Flashback Friday Moment of The Week: 1/14/2022

by Just Juan
1670 views 2 min read

According to Triumphs & Tribulations III, the evening of January 14, 2003, was quite lively. As was the custom after Rani Chapman essentially segregated the whole of the Downtown Birmingham location of Domino’s Pizza with her shenanigans, I was off since it was a Tuesday evening in which her kid was the shift manager. Instead of kicking in the Linn-Henley Research Library until 8pm, I decided to hang out with my then-lead lady and some of her classmates at Blount Hall on the campus of UAB. They had the music going…a reggae mix, to be exact. They had some old Buju Banton and Bob Marley in there. Of course, they had Dawn Penn’s “You Don’t Love Me (No, No, No)”—my all-time favorite reggae and dancehall track—and I danced to it. A lot of the music wasn’t unfamiliar to me as I heard a lot of it in passing through the years in the lead-up to that night in 2003. But it was a track that I heard for the first time that stole the show. That brings me to this week’s moment in the Flashback Friday series: Sean Paul’s “Top of the Game”.

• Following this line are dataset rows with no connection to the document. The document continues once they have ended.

(* Let $\alpha=(\alpha_1,\dots,\alpha_k)$ be a composition of $r$ and let $m\ge k$. Then in $\mathcal{K}_+$, $$F_\alpha(u_1,u_2-u_1,\dots,u_m-u_{m-1})=\frac{q^{\mathrm{n}(\alpha)}}{[r]_q!}\,u_{[1+m-k,\,r+m-k]},$$ where $\mathrm{n}(\alpha)=\sum_{i=1}^k(i-1)\alpha_i$.
   Context: Let $\mathbf{k}$ be a field of characteristic zero and $q\in\mathbf{k}$ not a nontrivial root of unity; $[r]_q!=\prod_{i=1}^r(1+\dots+q^{i-1})$. The Klyachko algebra $\mathcal{K}$ is the commutative $\mathbf{k}$-algebra generated by $u_i$, $i\in\mathbb{Z}$, with relations $(q+1)u_i^2=qu_iu_{i-1}+u_iu_{i+1}$; $\mathcal{K}_+$ is its quotient by the ideal generated by the $u_i$, $i\le0$. $u_{[a,b]}=u_au_{a+1}\cdots u_b$. For a composition $\alpha$ of $r$ with $\mathrm{Set}(\alpha)=\{\alpha_1,\alpha_1+\alpha_2,\dots,\alpha_1+\dots+\alpha_{k-1}\}$, the fundamental quasisymmetric polynomial is $F_\alpha(x_1,\dots,x_m)=\sum x_{i_1}\cdots x_{i_r}$ over $1\le i_1\le\dots\le i_r\le m$ with $i_j<i_{j+1}$ whenever $j\in\mathrm{Set}(\alpha)$. *)

theory Defs
  imports Main
begin

definition is_composition :: "nat list \<Rightarrow> nat \<Rightarrow> bool" where
  "is_composition \<alpha> r \<longleftrightarrow> (\<forall>a\<in>set \<alpha>. 0 < a) \<and> sum_list \<alpha> = r"

definition comp_set :: "nat list \<Rightarrow> nat set" where
  "comp_set \<alpha> = {sum_list (take j \<alpha>) | j. 1 \<le> j \<and> j < length \<alpha>}"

How I first came across this moment? As I just noted, it was during that party in Valorie Drew’s dorm. The track started with some beatboxing that led into the beat with the Rahzel rap.

What it meant to me then? In the moment, the beat was definitely catchy. It was also one that was good for dancing. My body just kinda had a reflex and started moving to the beat. At the same time, I was hearing these wicked lyrics by Rahzel like “You’ll be assed out/Passed out like Mitch Green…I’m a SWAT team/Spittin’ a hot 16”. The Jamaican dialect really got to me. I downloaded it to my Windows Media Player library later that night via LimeWire when I got home.

What it means to me now? Today, it still lives in my Windows Media Player library. It’s my true #2 reggae song behind Dawn Penn’s smash hit. Every time I hear it, I still get to moving like I did some 19 years ago at a midweek dorm party on the Southside of Birmingham. I don’t listen to it as often I did later into 2003 and 2004 but it still has value to me.